Arc has a rigorous and transparent vetting process for all types of developers. To become a vetted Llm inference tuning developer for hire on Arc, developers must pass a profile screening, complete a behavioral interview, and pass a technical interview or pair programming.
While Arc has a strict vetting process for its verified Llm inference tuning developers, if you’re using Arc’s free job posting plan, you will only have access to non-vetted developers. If you’re using Arc to hire Llm inference tuning developers, you can rest assured that all remote Llm inference tuning developers have been thoroughly vetted for the high-caliber communication and technical skills you need in a successful hire.
Arc pre-screens all of our remote Llm inference tuning developers before we present them to you. As such, all the remote Llm inference tuning developers you see on your Arc dashboard are interview-ready candidates who make up the top 2% of applicants who pass our technical and communication assessment. You can expect the interview process to happen within days of posting your jobs to 450,000 candidates. You can also expect to hire a freelance Llm inference tuning developer in 72 hours, or find a full-time Llm inference tuning developer that fits your company’s needs in 14 days.
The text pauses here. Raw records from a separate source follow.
lemma loewner_le_mabs:
  assumes A: "transpose A = - A" and \<beta>: "0 \<le> \<beta>" "\<beta> \<le> 1"
  shows "loewner_le (\<beta> *\<^sub>R csmul \<i> (cmat A)) (cmat (mabs A))"
  unfolding loewner_le_def
proof
  fix x
  obtain B \<mu> where eB: "ceigenbasis (csmul \<i> (cmat A)) B \<mu>"
    using hermitian_ceigenbasis[OF hermitian_csmul_i_cmat[OF A]] by blast
  have "\<beta> * \<mu> b \<le> \<bar>\<mu> b\<bar>" for b
    using \<beta> by (smt (verit) abs_ge_self abs_ge_zero mult_left_le_one_le mult_nonneg_nonpos)
  hence "(\<Sum>b\<in>B. \<beta> * (\<mu> b * (cmod (cinner b x))\<^sup>2)) \<le> (\<Sum>b\<in>B. \<bar>\<mu> b\<bar> * (cmod (cinner b x))\<^sup>2)"
    by (intro sum_mono) (simp add: mult.assoc[symmetric] mult_right_mono)
  thus "Re (cinner x ((\<beta> *\<^sub>R csmul \<i> (cmat A)) *v x)) \<le> Re (cinner x (cmat (mabs A) *v x))"
    unfolding mabs_eq_spectral_sum[OF A eB] ceigenbasis_eq_spectral_sum[OF eB]
    by (simp add: scaleR_matrix_vector_mult cinner_scaleR_right cinner_spectral_sum Re_sum
        sum_distrib_left)
qed

lemma trace_mabs_le:
  assumes A: "transpose A = - A" and R: "loewner_le (csmul \<i> (cmat A)) (cmat R)"
  shows "trace (mabs A) \<le> trace R"
proof -
  obtain B \<mu> where eB: "ceigenbasis (csmul \<i> (cmat A)) B \<mu>"
    using hermitian_ceigenbasis[OF hermitian_csmul_i_cmat[OF A]] by blast
  define r where "r b = Re (cinner b (cmat R *v b))" for b
  have "\<bar>\<mu> b\<bar> \<le> r b" if b: "b \<in> B" for b
  proof -
    have \<mu>: "cinner b (csmul \<i> (cmat A) *v b) = of_real (\<mu> b)"
      by (rule ceigenbasis_cinner_eigen[OF eB b])
    have "\<mu> b \<le> r b"
      using R \<mu> unfolding loewner_le_def r_def by (metis Re_complex_of_real)
    moreover have "- \<mu> b \<le> r b"
    proof -
      \<comment> \<open>entrywise conjugation turns \<open>iA\<close> into \<open>-iA\<close> and fixes \<open>cmat R\<close>\<close>
      have conj: "cinner (vconj b) (M *v vconj b) = cnj (cinner b (cconj M *v b))" for M
        by (simp add: cinner_cconj)
      have neg: "cinner b ((- M) *v b) = - cinner b (M *v b)" for M
        by (simp add: cinner_def matrix_vector_mult_def sum_negf)
      have iA: "cconj (csmul \<i> (cmat A)) = - csmul \<i> (cmat A)"
        by (simp add: cconj_def csmul_def cmat_def vec_eq_iff)
      have "Re (cinner (vconj b) (csmul \<i> (cmat A) *v vconj b))
          \<le> Re (cinner (vconj b) (cmat R *v vconj b))"
        using R unfolding loewner_le_def by blast
      thus ?thesis
        unfolding conj cconj_cmat iA neg \<mu> r_def by simp
    qed
    ultimately show ?thesis
      by linarith
  qed
  hence "(\<Sum>b\<in>B. \<bar>\<mu> b\<bar>) \<le> (\<Sum>b\<in>B. r b)"
    by (rule sum_mono)
  moreover have "trace (mabs A) = (\<Sum>b\<in>B. \<bar>\<mu> b\<bar>)"
    using arg_cong[OF mabs_eq_spectral_sum[OF A eB], of "\<lambda>M. Re (trace M)"]
    by (simp add: trace_cmat trace_spectral_sum[OF eB])
  moreover have "trace R = (\<Sum>b\<in>B. r b)"
    using arg_cong[OF ceigenbasis_trace[OF eB, of "cmat R"], of Re]
    by (simp add: trace_cmat r_def Re_sum)
  ultimately show ?thesis
    by simp
qed

lemma trace_le_of_loewner_le:
  assumes Q: "hermitian Q" and QV: "loewner_le Q (cmat V)"
  shows "Re (trace Q) + trace (mabs (Im_mat Q)) \<le> trace V"
proof -
  have "loewner_le (- cmat (Re_mat Q) + Q) (- cmat (Re_mat Q) + cmat V)"
    using QV by (rule loewner_le_add_left)
  moreover have "- cmat (Re_mat Q) + Q = csmul \<i> (cmat (Im_mat Q))"
    by (subst (2) cmat_Re_Im) simp
  moreover have "- cmat (Re_mat Q) + cmat V = cmat (V - Re_mat Q)"
    by (simp add: cmat_diff)
  ultimately have "trace (mabs (Im_mat Q)) \<le> trace (V - Re_mat Q)"
    using trace_mabs_le[OF hermitian_Im_mat_antisym[OF Q]] by simp
  thus ?thesis
    by (simp add: trace_sub Re_trace_eq_trace_Re_mat)
qed

definition holevo_objective :: "real^'d^'d \<Rightarrow> complex^'d^'d \<Rightarrow> real" where
  "holevo_objective G Z =
     Re (trace (cmat G ** Z)) + trace (mabs (msqrt G ** Im_mat Z ** msqrt G))"

lemma holevo_objective_mono:
  fixes G :: "real^'d^'d" and W Z :: "complex^'d^'d"
  assumes G: "rpsd G" and W: "hermitian W" and Z: "hermitian Z" and \<beta>: "0 \<le> \<beta>" "\<beta> \<le> 1"
    and WZ: "loewner_le W (cmat (Re_mat Z) + \<beta> *\<^sub>R csmul \<i> (cmat (Im_mat Z)))"
  shows "holevo_objective G W \<le> holevo_objective G Z"
proof -
  define g where "g = msqrt G"
  have gg: "g ** g = G" and "rpsd g"
    unfolding g_def using rpsd_msqrt[OF G] by auto
  hence g: "hermitian (cmat g)"
    by (simp add: hermitian_cmat rpsd_def)
  define A where "A = g ** Im_mat Z ** g"
  have A: "transpose A = - A"
    using \<open>rpsd g\<close> hermitian_Im_mat_antisym[OF Z] unfolding A_def rpsd_def
    by (simp add: matrix_transpose_mul matrix_neg_mult matrix_mult_neg matrix_mul_assoc)
  define Q where "Q = cmat g ** W ** cmat g"
  have Q: "hermitian Q"
    using W g unfolding Q_def hermitian_def by (simp add: cadj_mult matrix_mul_assoc)
  have "loewner_le Q (cmat g ** (cmat (Re_mat Z) + \<beta> *\<^sub>R csmul \<i> (cmat (Im_mat Z))) ** cmat g)"
    unfolding Q_def using g WZ by (rule loewner_le_congruence)
  also have "cmat g ** (cmat (Re_mat Z) + \<beta> *\<^sub>R csmul \<i> (cmat (Im_mat Z))) ** cmat g
      = cmat (g ** Re_mat Z ** g) + \<beta> *\<^sub>R csmul \<i> (cmat A)"
    unfolding A_def
    by (simp add: matrix_add_ldistrib matrix_add_rdistrib cmat_mult scalar_matrix_assoc[symmetric]
        matrix_scalar_ac csmul_matrix_mult matrix_mult_csmul csmul_scaleR)
  finally have "loewner_le Q (cmat (g ** Re_mat Z ** g) + cmat (mabs A))"
    using loewner_le_add_left[OF loewner_le_mabs[OF A \<beta>]] loewner_le_trans by blast
  hence "Re (trace Q) + trace (mabs (Im_mat Q)) \<le> trace (g ** Re_mat Z ** g + mabs A)"
    using trace_le_of_loewner_le[OF Q] by (simp add: cmat_add)
  moreover have "Re (trace Q) = Re (trace (cmat G ** W))"
    unfolding Q_def trace_sandwich[OF arg_cong[OF gg, of cmat, unfolded cmat_mult]] ..
  moreover have "Im_mat Q = g ** Im_mat W ** g"
    unfolding Q_def by (rule Im_mat_sandwich)
  moreover have "trace (g ** Re_mat Z ** g) = Re (trace (cmat G ** Z))"
    by (simp add: trace_sandwich[OF gg] Re_trace_eq_trace_Re_mat Re_mat_cmat_mult)
  ultimately show ?thesis
    unfolding holevo_objective_def g_def[symmetric] A_def by (simp add: trace_add)
qed

section \<open>Weighted inner products and logarithmic derivatives\<close>

lemma trace_cadj_mult_self_columns:
  "trace (cadj X ** rho ** X) = (\<Sum>k\<in>UNIV. cinner (column k X) (rho *v column k X))"
  unfolding trace_def
proof (intro sum.cong refl)
  fix k
  have "(cadj X ** rho ** X) $ k $ k = (\<Sum>j\<in>UNIV. \<Sum>i\<in>UNIV. cnj (X$i$k) * rho$i$j * X$j$k)"
    by (simp add: matrix_matrix_mult_def cadj_def sum_distrib_right)
  also have "\<dots> = (\<Sum>i\<in>UNIV. \<Sum>j\<in>UNIV. cnj (X$i$k) * rho$i$j * X$j$k)"
    by (rule sum.swap)
  finally show "(cadj X ** rho ** X) $ k $ k = cinner (column k X) (rho *v column k X)"
    by (simp add: cinner_def column_def matrix_vector_mult_def sum_distrib_left mult.assoc)
qed

lemma cpd_trace_sandwich:
  assumes rho: "cpd rho"
  shows "0 \<le> Re (trace (cadj X ** rho ** X))"
    and "Re (trace (cadj X ** rho ** X)) = 0 \<Longrightarrow> X = 0"
proof -
  have nonneg: "0 \<le> Re (cinner v (rho *v v))" for v
    using rho unfolding cpd_def by (cases "v = 0") (auto intro: less_imp_le)
  show "0 \<le> Re (trace (cadj X ** rho ** X))"
    unfolding trace_cadj_mult_self_columns Re_sum by (intro sum_nonneg nonneg)
  assume "Re (trace (cadj X ** rho ** X)) = 0"
  hence "\<forall>k\<in>UNIV. Re (cinner (column k X) (rho *v column k X)) = 0"
    unfolding trace_cadj_mult_self_columns Re_sum
    by (subst sum_nonneg_eq_0_iff[symmetric]) (auto intro: nonneg)
  hence "column k X = 0" for k
    using rho unfolding cpd_def by (metis UNIV_I less_irrefl)
  thus "X = 0"
    by (simp add: column_def vec_eq_iff)
qed

definition rho_inner ::
    "real \<Rightarrow> real \<Rightarrow> complex^'n^'n \<Rightarrow> complex^'n^'n \<Rightarrow> complex^'n^'n \<Rightarrow> complex" where
  "rho_inner a b rho X Y =
     of_real a * trace (rho ** Y ** cadj X) + of_real b * trace (rho ** cadj X ** Y)"

lemma rho_inner_commute:
  assumes "hermitian rho"
  shows "rho_inner a b rho Y X = cnj (rho_inner a b rho X Y)"
proof -
  have "cnj (trace (rho ** Y ** cadj X)) = trace (X ** cadj Y ** rho)"
    using assms by (simp add: hermitian_def trace_cadj[symmetric] cadj_mult matrix_mul_assoc)
  also have "\<dots> = trace (rho ** X ** cadj Y)"
    by (rule trace_mult_cycle[symmetric])
  finally have 1: "cnj (trace (rho ** Y ** cadj X)) = trace (rho ** X ** cadj Y)" .
  have "cnj (trace (rho ** cadj X ** Y)) = trace (cadj Y ** X ** rho)"
    using assms by (simp add: hermitian_def trace_cadj[symmetric] cadj_mult matrix_mul_assoc)
  also have "\<dots> = trace (rho ** cadj Y ** X)"
    by (rule trace_mult_cycle[symmetric])
  finally show ?thesis
    using 1 unfolding rho_inner_def by simp
qed

lemma rho_inner_add_right: "rho_inner a b rho X (Y1 + Y2) = rho_inner a b rho X Y1 + rho_inner a b rho X Y2"
  unfolding rho_inner_def by (simp add: matrix_add_ldistrib matrix_add_rdistrib trace_add algebra_simps)

lemma rho_inner_diff_right: "rho_inner a b rho X (Y1 - Y2) = rho_inner a b rho X Y1 - rho_inner a b rho X Y2"
  unfolding rho_inner_def by (simp add: matrix_diff_ldistrib matrix_diff_rdistrib trace_sub algebra_simps)

lemma rho_inner_csmul_right: "rho_inner a b rho X (csmul c Y) = c * rho_inner a b rho X Y"
  unfolding rho_inner_def by (simp add: csmul_matrix_mult matrix_mult_csmul trace_csmul algebra_simps)

lemma rho_inner_zero_right: "rho_inner a b rho X 0 = 0"
  by (simp add: rho_inner_def trace_zero)

lemma rho_inner_sum_right:
  "rho_inner a b rho X (\<Sum>k\<in>K. csmul (f k) (Y k)) = (\<Sum>k\<in>K. f k * rho_inner a b rho X (Y k))"
  by (induct K rule: infinite_finite_induct)
    (simp_all add: rho_inner_add_right rho_inner_csmul_right rho_inner_zero_right)

lemma rho_inner_sum_left:
  assumes "hermitian rho"
  shows "rho_inner a b rho (\<Sum>k\<in>K. csmul (f k) (Y k)) Z = (\<Sum>k\<in>K. cnj (f k) * rho_inner a b rho (Y k) Z)"
  by (simp add: rho_inner_commute[OF assms, of _ _ _ Z] rho_inner_sum_right)

lemma rho_inner_diff_left:
  assumes "hermitian rho"
  shows "rho_inner a b rho (X1 - X2) Z = rho_inner a b rho X1 Z - rho_inner a b rho X2 Z"
  by (simp add: rho_inner_commute[OF assms, of _ _ _ Z] rho_inner_diff_right)

lemma rho_inner_self:
  "Re (rho_inner a b rho X X) =
     a * Re (trace (cadj X ** rho ** X)) + b * Re (trace (cadj (cadj X) ** rho ** cadj X))"
  unfolding rho_inner_def cadj_cadj
  using trace_mult_cycle[of rho X "cadj X"] trace_mult_cycle[of X "cadj X" rho]
    trace_mult_cycle[of rho "cadj X" X] trace_mult_cycle[of "cadj X" X rho]
  by simp

lemma rho_inner_pos:
  assumes rho: "cpd rho" and ab: "0 \<le> a" "0 \<le> b" "a + b = 1"
  shows "0 \<le> Re (rho_inner a b rho X X)" "Re (rho_inner a b rho X X) = 0 \<Longrightarrow> X = 0"
proof -
  note t1 = cpd_trace_sandwich[OF rho, of X] and t2 = cpd_trace_sandwich[OF rho, of "cadj X"]
  show "0 \<le> Re (rho_inner a b rho X X)"
    unfolding rho_inner_self using t1(1) t2(1) ab by simp
  assume z: "Re (rho_inner a b rho X X) = 0"
  have "a * Re (trace (cadj X ** rho ** X)) = 0" "b * Re (trace (cadj (cadj X) ** rho ** cadj X)) = 0"
    using z t1(1) t2(1) ab unfolding rho_inner_self by (smt (verit) mult_nonneg_nonneg)+
  moreover have "0 < a \<or> 0 < b"
    using ab by linarith
  ultimately show "X = 0"
    using t1(2) t2(2) by (metis cadj_zero cadj_cadj mult_eq_0_iff less_irrefl)
qed

definition rho_mult :: "real \<Rightarrow> real \<Rightarrow> complex^'n^'n \<Rightarrow> complex^'n^'n \<Rightarrow> complex^'n^'n" where
  "rho_mult a b rho L = a *\<^sub>R (rho ** L) + b *\<^sub>R (L ** rho)"

lemma rho_inner_rho_mult:
  "rho_inner a b rho X L = trace (rho_mult a b rho L ** cadj X)"
  unfolding rho_inner_def rho_mult_def
  by (simp add: matrix_add_rdistrib scalar_matrix_assoc[symmetric] trace_add trace_scaleR
      trace_mult_cycle[of L rho "cadj X"])

lemma linear_rho_mult: "linear (rho_mult a b rho)"
  by (rule linearI) (simp_all add: rho_mult_def matrix_add_ldistrib matrix_add_rdistrib
      scalar_matrix_assoc[symmetric] matrix_scalar_ac scaleR_add_right algebra_simps)

lemma rho_mult_bij:
  assumes rho: "cpd rho" and ab: "0 \<le> a" "0 \<le> b" "a + b = 1"
  shows "inj (rho_mult a b rho)" "surj (rho_mult a b rho)"
proof -
  have "L = 0" if "rho_mult a b rho L = 0" for L
    using rho_inner_pos(2)[OF assms, of L] that
    by (simp add: rho_inner_rho_mult trace_zero)
  thus inj: "inj (rho_mult a b rho)"
    using linear_injective_0[OF linear_rho_mult] by blast
  show "surj (rho_mult a b rho)"
    by (rule linear_inj_imp_surj[OF linear_rho_mult inj])
qed

lemma Lbeta_eq:
  assumes rho: "cpd rho" and \<beta>: "0 \<le> \<beta>" "\<beta> \<le> 1"
  shows "D = rho_mult ((1 + \<beta>) / 2) ((1 - \<beta>) / 2) rho (Lbeta \<beta> rho D)"
proof -
  let ?f = "rho_mult ((1 + \<beta>) / 2) ((1 - \<beta>) / 2) rho"
  have ab: "0 \<le> (1 + \<beta>) / 2" "0 \<le> (1 - \<beta>) / 2" "(1 + \<beta>) / 2 + (1 - \<beta>) / 2 = 1"
    using \<beta> by (auto simp: field_simps)
  have "\<exists>!L. D = ?f L"
    using rho_mult_bij[OF rho ab] by (metis injD surjD)
  hence "D = ?f (THE L. D = ?f L)"
    by (rule theI')
  thus ?thesis
    unfolding Lbeta_def rho_mult_def .
qed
Here’s a quote from Philip, the Director of Engineering at Chegg:
“The biggest advantage and benefit of working with Arc is the tremendous reduction in time spent sourcing quality candidates. We’re able to identify the talent in a matter of days.”
Find out more about how Arc successfully helped our partners in hiring remote Llm inference tuning developers.
Depending on the freelance developer job board you use, freelance remote Llm inference tuning developers' hourly rates can vary drastically. For instance, if you're looking on general marketplaces like Upwork and Fiverr, you can find Llm inference tuning developers for hire at as low as $10 per hour. However, high-quality freelance developers often avoid general freelance platforms like Fiverr to avoid the bidding wars.
When you hire Llm inference tuning developers through Arc, they typically charge between $60-100+/hour (USD). To get a better understanding of contract costs, check out our freelance developer rate explorer.
According to the U.S. Bureau of Labor Statistics, the medium annual wage for developers in the U.S. was $120,730 in May 2021. What this amounts to is around $70-100 per hour. Note that this does not include the direct cost of hiring, which totals to about $4000 per new recruit, according to Glassdoor.
Your remote Llm inference tuning developer’s annual salary may differ dramatically depending on their years of experience, related technical skills, education, and country of residence. For instance, if the developer is located in Eastern Europe or Latin America, the hourly rate for developers will be around $75-95 per hour.
For more frequently asked questions on hiring Llm inference tuning developers, check out our FAQs page.